-------- MATERIAL SHOWN

(* Every $2$-transitive affine permutation group of degree at least $3$ contains a quasi-semiregular element.
   Context: An affine permutation group is a subgroup $G=VG_0\le\mathrm{AGL}(d,q)$ containing the translation group $V=\mathbb F_q^d$, acting on $V$. A permutation $g$ is quasi-semiregular if $\langle g\rangle$ has a unique fixed point and acts semiregularly (only the identity fixes a point) on the remaining points. *)

theory Defs
  imports "HOL-Analysis.Analysis"
begin

text \<open>V = F_q^d is modelled as 'f ^ 'd with 'f a finite field and 'd a finite index type
(d = CARD('d)). AGL(d,q) = maps x |-> A x + b with A an invertible d x d matrix over F_q.\<close>

definition AGL :: "(('f::{finite,field}) ^ 'd \<Rightarrow> 'f ^ 'd) set" where
  "AGL = {g. \<exists>(A::'f^'d^'d) b. invertible A \<and> (\<forall>x. g x = A *v x + b)}"

definition translation :: "('f::{finite,field}) ^ 'd \<Rightarrow> 'f ^ 'd \<Rightarrow> 'f ^ 'd" where
  "translation b = (\<lambda>x. x + b)"

definition perm_group :: "('a \<Rightarrow> 'a) set \<Rightarrow> bool" where
  "perm_group G \<longleftrightarrow> id \<in> G \<and> (\<forall>g\<in>G. bij g) \<and> (\<forall>g\<in>G. \<forall>h\<in>G. g \<circ> h \<in> G)
     \<and> (\<forall>g\<in>G. inv g \<in> G)"

definition affine_perm_group :: "(('f::{finite,field}) ^ 'd \<Rightarrow> 'f ^ 'd) set \<Rightarrow> bool" where
  "affine_perm_group G \<longleftrightarrow> perm_group G \<and> G \<subseteq> AGL \<and> range translation \<subseteq> G"

definition two_transitive :: "('a \<Rightarrow> 'a) set \<Rightarrow> bool" where
  "two_transitive G \<longleftrightarrow> (\<forall>x1 x2 y1 y2. x1 \<noteq> x2 \<longrightarrow> y1 \<noteq> y2 \<longrightarrow>
      (\<exists>g\<in>G. g x1 = y1 \<and> g x2 = y2))"

definition quasi_semiregular :: "('a \<Rightarrow> 'a) \<Rightarrow> bool" where
  "quasi_semiregular g \<longleftrightarrow> (\<exists>v. (\<forall>k. (g ^^ k) v = v) \<and>
      (\<forall>u. (\<forall>k. (g ^^ k) u = u) \<longrightarrow> u = v) \<and>
      (\<forall>k w. w \<noteq> v \<longrightarrow> (g ^^ k) w = w \<longrightarrow> g ^^ k = id))"

end

theory Submission
  imports Defs "HOL-Computational_Algebra.Polynomial_Factorial"
    "HOL-Computational_Algebra.Fundamental_Theorem_Algebra"
    "HOL-Algebra.Sylow" "HOL-Algebra.Group_Action" "HOL-Algebra.Multiplicative_Group"
begin

(* Let G_0 be the stabilizer of 0. It acts linearly on V = F_q^d and, by 2-transitivity,
   transitively on the q^d - 1 nonzero vectors. A weak form of Zsigmondy's theorem gives a prime
   r and k > 0 with r^k dividing q^d - 1 but no q^e - 1 for 0 < e < d. Every orbit of a Sylow
   r-subgroup R of G_0 on nonzero vectors then has size divisible by r^k. Take z central of order
   r in R: its fixed space W is an R-invariant subspace, so r^k divides |W| - 1 = q^e - 1 with
   e < d, which forces W = 0. As z has prime order, every nontrivial power of z fixes only 0. *)

section \<open>A weak Zsigmondy theorem\<close>

lemma power_sub_one_dvd_power_mult_sub_one:
  fixes x :: "'a::comm_ring_1"
  shows "x ^ e - 1 dvd x ^ (e * k) - 1"
proof -
  have "(x ^ e) ^ k - 1 ^ k = (x ^ e - 1) * (\<Sum>i<k. 1 ^ (k - Suc i) * (x ^ e) ^ i)"
    by (rule power_diff_sumr2)
  then show ?thesis by (simp add: power_mult)
qed

lemma dvd_power_gcd_sub_one:
  fixes x k :: "'a::comm_ring_1"
  assumes "k dvd x ^ m - 1" and "k dvd x ^ n - 1"
  shows "k dvd x ^ gcd m n - 1"
  using assms
proof (induction m n rule: gcd_nat_induct)
  case (base m)
  then show ?case by simp
next
  case (step m n)
  have "x ^ m = x ^ (m mod n) * x ^ (n * (m div n))"
    by (metis mult.commute div_mult_mod_eq power_add)
  then have "x ^ (m mod n) - 1 = (x ^ m - 1) - x ^ (m mod n) * (x ^ (n * (m div n)) - 1)"
    by (simp add: algebra_simps)
  moreover have "k dvd x ^ (n * (m div n)) - 1"
    using step.prems(2) power_sub_one_dvd_power_mult_sub_one dvd_trans by blast
  ultimately have "k dvd x ^ (m mod n) - 1"
    using step.prems(1) by (metis dvd_diff dvd_mult)
  then show ?case
    using step.IH step.prems(2) by (metis gcd_red_nat)
qed

lemma dvd_if_prime_power_parts_dvd:
  fixes m n :: "'a::factorial_semiring"
  assumes "m \<noteq> 0" and "n \<noteq> 0"
    and "\<And>p. prime p \<Longrightarrow> p dvd m \<Longrightarrow> p ^ multiplicity p m dvd n"
  shows "m dvd n"
proof (rule multiplicity_le_imp_dvd[OF assms(1)])
  fix p :: 'a
  assume "prime p"
  show "multiplicity p m \<le> multiplicity p n"
  proof (cases "p dvd m")
    case True
    then show ?thesis
      using assms(2,3) \<open>prime p\<close> by (intro multiplicity_geI) (auto simp: not_prime_unit)
  qed (simp add: not_dvd_imp_multiplicity_0)
qed

lemma map_poly_of_int_mult:
  "map_poly (of_int :: int \<Rightarrow> 'a::comm_ring_1) (p * q) = map_poly of_int p * map_poly of_int q"
  by (simp add: poly_eq_iff coeff_mult coeff_map_poly)

lemma map_poly_of_int_diff:
  "map_poly (of_int :: int \<Rightarrow> 'a::comm_ring_1) (p - q) = map_poly of_int p - map_poly of_int q"
  by (simp add: poly_eq_iff coeff_map_poly)

lemma map_poly_of_int_X: "map_poly (of_int :: int \<Rightarrow> 'a::comm_ring_1) [:0, 1:] = [:0, 1:]"
  by (simp add: poly_eq_iff coeff_map_poly coeff_pCons split: nat.split)

lemma map_poly_of_int_power:
  "map_poly (of_int :: int \<Rightarrow> 'a::comm_ring_1) (p ^ n) = map_poly of_int p ^ n"
  by (induction n) (simp_all add: map_poly_of_int_mult)

lemma map_poly_of_int_prod:
  "map_poly (of_int :: int \<Rightarrow> 'a::comm_ring_1) (\<Prod>e\<in>A. f e) = (\<Prod>e\<in>A. map_poly of_int (f e))"
  by (induction A rule: infinite_finite_induct) (simp_all add: map_poly_of_int_mult)

lemma poly_map_poly_of_int:
  "poly (map_poly (of_int :: int \<Rightarrow> 'a::comm_ring_1) p) (of_int x) = of_int (poly p x)"
  by (induction p) (simp_all add: map_poly_pCons)

lemma norm_of_real_sub_unimodular_gt_one:
  fixes z :: complex and q :: real
  assumes "norm z = 1" "z \<noteq> 1" "2 \<le> q"
  shows "1 < norm (of_real q - z)"
proof -
  have circle: "(Re z)\<^sup>2 + (Im z)\<^sup>2 = 1"
    using assms(1) by (metis cmod_power2 one_power2)
  have "Re z < 1"
  proof -
    have "Re z \<noteq> 1"
      using circle assms(2) by (auto simp: complex_eq_iff)
    then show ?thesis using assms(1) complex_Re_le_cmod[of z] by simp
  qed
  have "(norm (of_real q - z))\<^sup>2 = (q - Re z)\<^sup>2 + (Im z)\<^sup>2"
    by (simp add: cmod_power2)
  also have "\<dots> = 1 + q * (q - 2 * Re z)"
    using circle by (simp add: power2_eq_square algebra_simps)
  also have "\<dots> > 1"
    using \<open>Re z < 1\<close> assms(3) by simp
  finally show ?thesis
    by (meson norm_ge_zero not_less power_le_one)
qed

lemma norm_prod_mset_gt_one:
  fixes f :: "'b \<Rightarrow> 'a::real_normed_field"
  assumes "M \<noteq> {#}" and "\<forall>x\<in>#M. 1 < norm (f x)"
  shows "1 < norm (\<Prod>x\<in>#M. f x)"
  using assms
proof (induction M)
  case empty
  then show ?case by simp
next
  case (add x M)
  then show ?case
    by (cases "M = {#}") (simp_all add: norm_mult less_1_mult)
qed

lemma norm_poly_gt_one_if_roots_unimodular:
  fixes p :: "complex poly" and q :: real
  assumes "0 < degree p" and "1 \<le> norm (lead_coeff p)" and "2 \<le> q"
    and roots: "\<And>z. poly p z = 0 \<Longrightarrow> norm z = 1 \<and> z \<noteq> 1"
  shows "1 < norm (poly p (of_real q))"
proof -
  have "p \<noteq> 0" using assms(1) by auto
  have "poly p (of_real q) = poly (Polynomial.smult (lead_coeff p) (\<Prod>z\<in>#proots p. [:-z, 1:])) (of_real q)"
    by (simp only: complex_poly_decompose_multiset)
  then have decomp: "poly p (of_real q) = lead_coeff p * (\<Prod>z\<in>#proots p. of_real q - z)"
    by (simp add: poly_prod_mset)
  have "proots p \<noteq> {#}"
  proof
    assume "proots p = {#}"
    then have "p = [:lead_coeff p:]"
      using complex_poly_decompose_multiset[of p] by simp
    then have "degree p = 0" by (metis degree_pCons_0)
    with assms(1) show False by simp
  qed
  moreover have "\<forall>z\<in>#proots p. 1 < norm (of_real q - z)"
    using roots norm_of_real_sub_unimodular_gt_one \<open>p \<noteq> 0\<close> assms(3) by auto
  ultimately have "1 < norm (\<Prod>z\<in>#proots p. of_real q - z)"
    by (rule norm_prod_mset_gt_one)
  then show ?thesis
    using decomp assms(2) by (simp add: norm_mult) (metis less_le_trans mult_le_cancel_right1 norm_ge_zero not_less)
qed

lemma poly_cofactor_at_one_nonzero:
  fixes l h :: "int poly"
  assumes "1 \<le> d" and factor: "[:0, 1:] ^ d - 1 = l * h" and "[:0, 1:] - 1 dvd l"
  shows "poly h 1 \<noteq> 0"
proof -
  let ?X = "[:0, 1:] :: int poly"
  obtain l' where "l = (?X - 1) * l'"
    using assms(3) by blast
  moreover have "?X ^ d - 1 = (?X - 1) * (\<Sum>i<d. ?X ^ i)"
    using power_diff_sumr2[of ?X d 1] by simp
  moreover have "?X - 1 \<noteq> 0"
    by (metis one_neq_zero poly_0 poly_1 poly_diff poly_pCons mult_zero_left add_0 right_minus_eq)
  ultimately have "(\<Sum>i<d. ?X ^ i) = l' * h"
    using factor by (metis mult.assoc mult_left_cancel)
  moreover have "poly (\<Sum>i<d. ?X ^ i) 1 = of_nat d"
    by (simp add: poly_sum)
  ultimately have "poly l' 1 * poly h 1 = of_nat d"
    by (metis poly_mult)
  then show ?thesis
    using assms(1) by auto
qed

lemma abs_lead_coeff_factor_power_sub_one:
  fixes l h :: "int poly"
  assumes "1 \<le> d" and "[:0, 1:] ^ d - 1 = l * h"
  shows "\<bar>lead_coeff h\<bar> = 1"
proof -
  let ?X = "[:0, 1:] :: int poly"
  have "lead_coeff (?X ^ d - 1) = lead_coeff (- 1 + ?X ^ d)"
    by simp
  also have "\<dots> = lead_coeff (?X ^ d)"
    by (rule lead_coeff_add_le) (use assms(1) in \<open>simp add: degree_power_eq\<close>)
  also have "\<dots> = 1"
    by (simp add: lead_coeff_power)
  finally have "lead_coeff l * lead_coeff h = 1"
    by (simp add: assms(2) lead_coeff_mult)
  then show ?thesis
    by (metis abs_1 abs_mult zmult_eq_1_iff abs_minus_cancel)
qed

lemma poly_nonzero_at_primitive_root_of_unity:
  fixes l :: "int poly"
  assumes "l dvd (\<Prod>e\<in>D. [:0, 1:] ^ e - 1)" and "finite D" and "\<forall>e\<in>D. 0 < e \<and> e < d"
  shows "poly (map_poly of_int l) (exp (2 * of_real pi * \<i> / of_nat d)) \<noteq> (0 :: complex)"
proof
  define \<zeta> :: complex where "\<zeta> = exp (2 * of_real pi * \<i> / of_nat d)"
  assume "poly (map_poly of_int l) \<zeta> = 0"
  obtain t where t: "(\<Prod>e\<in>D. [:0, 1:] ^ e - 1) = l * t"
    using assms(1) by blast
  have "map_poly (of_int :: int \<Rightarrow> complex) (\<Prod>e\<in>D. [:0, 1:] ^ e - 1)
      = map_poly of_int l * map_poly of_int t"
    unfolding t by (simp add: map_poly_of_int_mult)
  then have "(\<Prod>e\<in>D. [:0, 1:] ^ e - 1) = map_poly of_int l * map_poly (of_int :: int \<Rightarrow> complex) t"
    by (simp add: map_poly_of_int_prod map_poly_of_int_diff map_poly_of_int_power map_poly_of_int_X)
  then have "poly (\<Prod>e\<in>D. [:0, 1:] ^ e - 1) \<zeta> = 0"
    using \<open>poly (map_poly of_int l) \<zeta> = 0\<close> by simp
  then have "(\<Prod>e\<in>D. \<zeta> ^ e - 1) = 0"
    by (simp add: poly_prod)
  then obtain e where "e \<in> D" and "\<zeta> ^ e = 1"
    using assms(2) by auto
  moreover have "\<zeta> ^ e = exp (2 * of_real pi * \<i> * of_nat e / of_nat d)"
    unfolding \<zeta>_def by (simp flip: exp_of_nat_mult add: mult_ac)
  moreover have "1 \<le> d"
    using \<open>e \<in> D\<close> assms(3) by fastforce
  ultimately have "d dvd e"
    using complex_root_unity_eq_1[of d e] by simp
  then show False
    using \<open>e \<in> D\<close> assms(3) by (meson dvd_imp_le not_le)
qed
(* For every integer $n \geq 1$, the forgetful function \[\varphi_n: [S^n \times S^n, S^n \times S^n]^{\Delta} \longrightarrow [S^n \times S^n, S^n \times S^n]^{\ast}\] is injective; equivalently, the fundamental action of $\pi_{n+1}(S^n \times S^n) = \pi_{n+1}(S^n)\oplus\pi_{n+1}(S^n)$ on $[S^n \times S^n, S^n \times S^n]^{\Delta}$ is trivial.
   Context: Let $\Delta: D = S^n \to S^n \times S^n$ be the diagonal, viewed as a cofibration. For a cofibration $i: D \rightarrowtail X$ and a map $u: D \to U$, $[X,U]^u$ denotes the set of homotopy classes, relative to $D$, of maps $f: X \to U$ with $fi = u$; $[X,U]^{\ast}$ denotes pointed homotopy classes. Here $[S^n\times S^n, S^n\times S^n]^{\Delta}$ means $[X,U]^u$ with $X=U=S^n\times S^n$ and $u=\Delta$, and $\varphi_n$ sends the class of a map relative $D$ to the class of the same map relative the base point $\ast \in D$. The fundamental action: for a cofibration $D \rightarrowtail X$ and $u: D\to U$, let $\Sigma_{\ast} D$ be the pushout of $S^1 \times \ast \to \ast$ and $S^1 \times \ast \rightarrowtail S^1 \times D$; the group $[\Sigma_{\ast} D, U]^u$ (maps under $D$, i.e. pointed self-homotopies of $u$) acts on $[X,U]^u$ by extending such a homotopy from $D$ to a homotopy starting at $f$ via the homotopy extension property and taking the end map. For $D = S^n$ one has $[\Sigma_\ast D,U]^u \cong \pi_{n+1}(U)$. Two classes have the same image under the forgetful map iff they lie in the same orbit of this action. *)

theory Defs
  imports "HOL-Analysis.Analysis"
begin
(* A Borel probability measure $\pi$ on $[0,1]$ is a minimax prior if and only if $\int_{[0,1]}\theta\,\pi(d\theta)=1/2$ and $\int_{[0,1]}\theta^2\,\pi(d\theta)=2/5$.
   Context: Bernoulli model: for $\theta\in[0,1]$, $p_\theta(x)=\theta^x(1-\theta)^{1-x}$, $x\in\{0,1\}$. One observes $x\sim p_\theta$ and predicts an independent future $y\sim p_\theta$. A nonrandomized decision is a pair $\delta=(\delta_0,\delta_1)\in\mathcal D=[0,1]^2$, used as the predictive distribution $p_\delta(y\mid x)=\delta_x^{\,y}(1-\delta_x)^{1-y}$. The Kullback–Leibler risk is $R_\delta(\theta)=-S(\theta)+\theta^2\log\frac1{\delta_1}+\theta(1-\theta)\log\frac1{1-\delta_1}+\theta(1-\theta)\log\frac1{\delta_0}+(1-\theta)^2\log\frac1{1-\delta_0}\in[0,+\infty]$, where $S(\theta)=-\theta\log\theta-(1-\theta)\log(1-\theta)$ is the binary entropy, with conventions $0\log 0=0$, $\log(1/0)=+\infty$, $0\cdot(+\infty)=0$. A decision is minimax if it minimizes $\sup_{\theta\in[0,1]}R_\delta(\theta)$ over $\mathcal D$. A prior is a Borel probability measure $\pi$ on $[0,1]$; a decision $\delta$ is Bayes with respect to $\pi$ if it minimizes $\int_{[0,1]}R_\delta(\theta)\,\pi(d\theta)$ over $\mathcal D$. A prior $\pi$ is called a minimax prior if a Bayes decision with respect to $\pi$ is minimax. *)

theory Defs
  imports "HOL-Probability.Probability"
begin
text \<open>Positions are 1..n. A tuple in G^n is a function nat => 'a with values
in carrier G on 1..n and the unit elsewhere. An element of G^n x| S_n is a pair (g, sigma)
with g such a tuple and sigma a permutation of nat fixing everything outside 1..n.
A braid is represented by a word in the generators b_i and their inverses:
(i, True) is b_i, (i, False) is b_i^-1; the list [x1,...,xk] stands for x1 x2 ... xk
(so xk acts first).\<close>

definition objs :: "('a, 'b) monoid_scheme \<Rightarrow> nat \<Rightarrow> (nat \<Rightarrow> 'a) set" where
  "objs G n = {\<gamma>. (\<forall>k\<in>{1..n}. \<gamma> k \<in> carrier G) \<and> (\<forall>k. k \<notin> {1..n} \<longrightarrow> \<gamma> k = \<one>\<^bsub>G\<^esub>)}"

definition gens :: "nat \<Rightarrow> (nat \<times> bool) set" where
  "gens n = {(i, s). i \<in> {1..n - 1}}"

definition gen_act :: "('a, 'b) monoid_scheme \<Rightarrow> nat \<times> bool \<Rightarrow> (nat \<Rightarrow> 'a) \<Rightarrow> (nat \<Rightarrow> 'a)" where
  "gen_act G x \<gamma> = (case x of (i, s) \<Rightarrow>
     if s then \<gamma>(i := \<gamma> i \<otimes>\<^bsub>G\<^esub> \<gamma> (i+1) \<otimes>\<^bsub>G\<^esub> inv\<^bsub>G\<^esub> (\<gamma> i), i+1 := \<gamma> i)
     else \<gamma>(i := \<gamma> (i+1), i+1 := inv\<^bsub>G\<^esub> (\<gamma> (i+1)) \<otimes>\<^bsub>G\<^esub> \<gamma> i \<otimes>\<^bsub>G\<^esub> \<gamma> (i+1)))"

fun braid_act :: "('a, 'b) monoid_scheme \<Rightarrow> (nat \<times> bool) list \<Rightarrow> (nat \<Rightarrow> 'a) \<Rightarrow> (nat \<Rightarrow> 'a)" where
  "braid_act G [] \<gamma> = \<gamma>"
| "braid_act G (x # w) \<gamma> = gen_act G x (braid_act G w \<gamma>)"

text \<open>The semidirect product G^n x| S_n, acting on G^n by
(g, sigma) . delta = (k |-> g_k delta_(sigma^-1 k) g_k^-1).\<close>
definition sd_mult :: "('a, 'b) monoid_scheme \<Rightarrow> (nat \<Rightarrow> 'a) \<times> (nat \<Rightarrow> nat)
    \<Rightarrow> (nat \<Rightarrow> 'a) \<times> (nat \<Rightarrow> nat) \<Rightarrow> (nat \<Rightarrow> 'a) \<times> (nat \<Rightarrow> nat)" where
  "sd_mult G x y = (case x of (g, \<sigma>) \<Rightarrow> case y of (h, \<tau>) \<Rightarrow>
     (\<lambda>k. g k \<otimes>\<^bsub>G\<^esub> h (inv_into UNIV \<sigma> k), \<sigma> \<circ> \<tau>))"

----------------

### TASK TO COMPLETE
Take from the listing every line in which the word "exists" appears.

### ANSWER SPACE
  "AGL = {g. \<exists>(A::'f^'d^'d) b. invertible A \<and> (\<forall>x. g x = A *v x + b)}"
      (\<exists>g\<in>G. g x1 = y1 \<and> g x2 = y2))"
  "quasi_semiregular g \<longleftrightarrow> (\<exists>v. (\<forall>k. (g ^^ k) v = v) \<and>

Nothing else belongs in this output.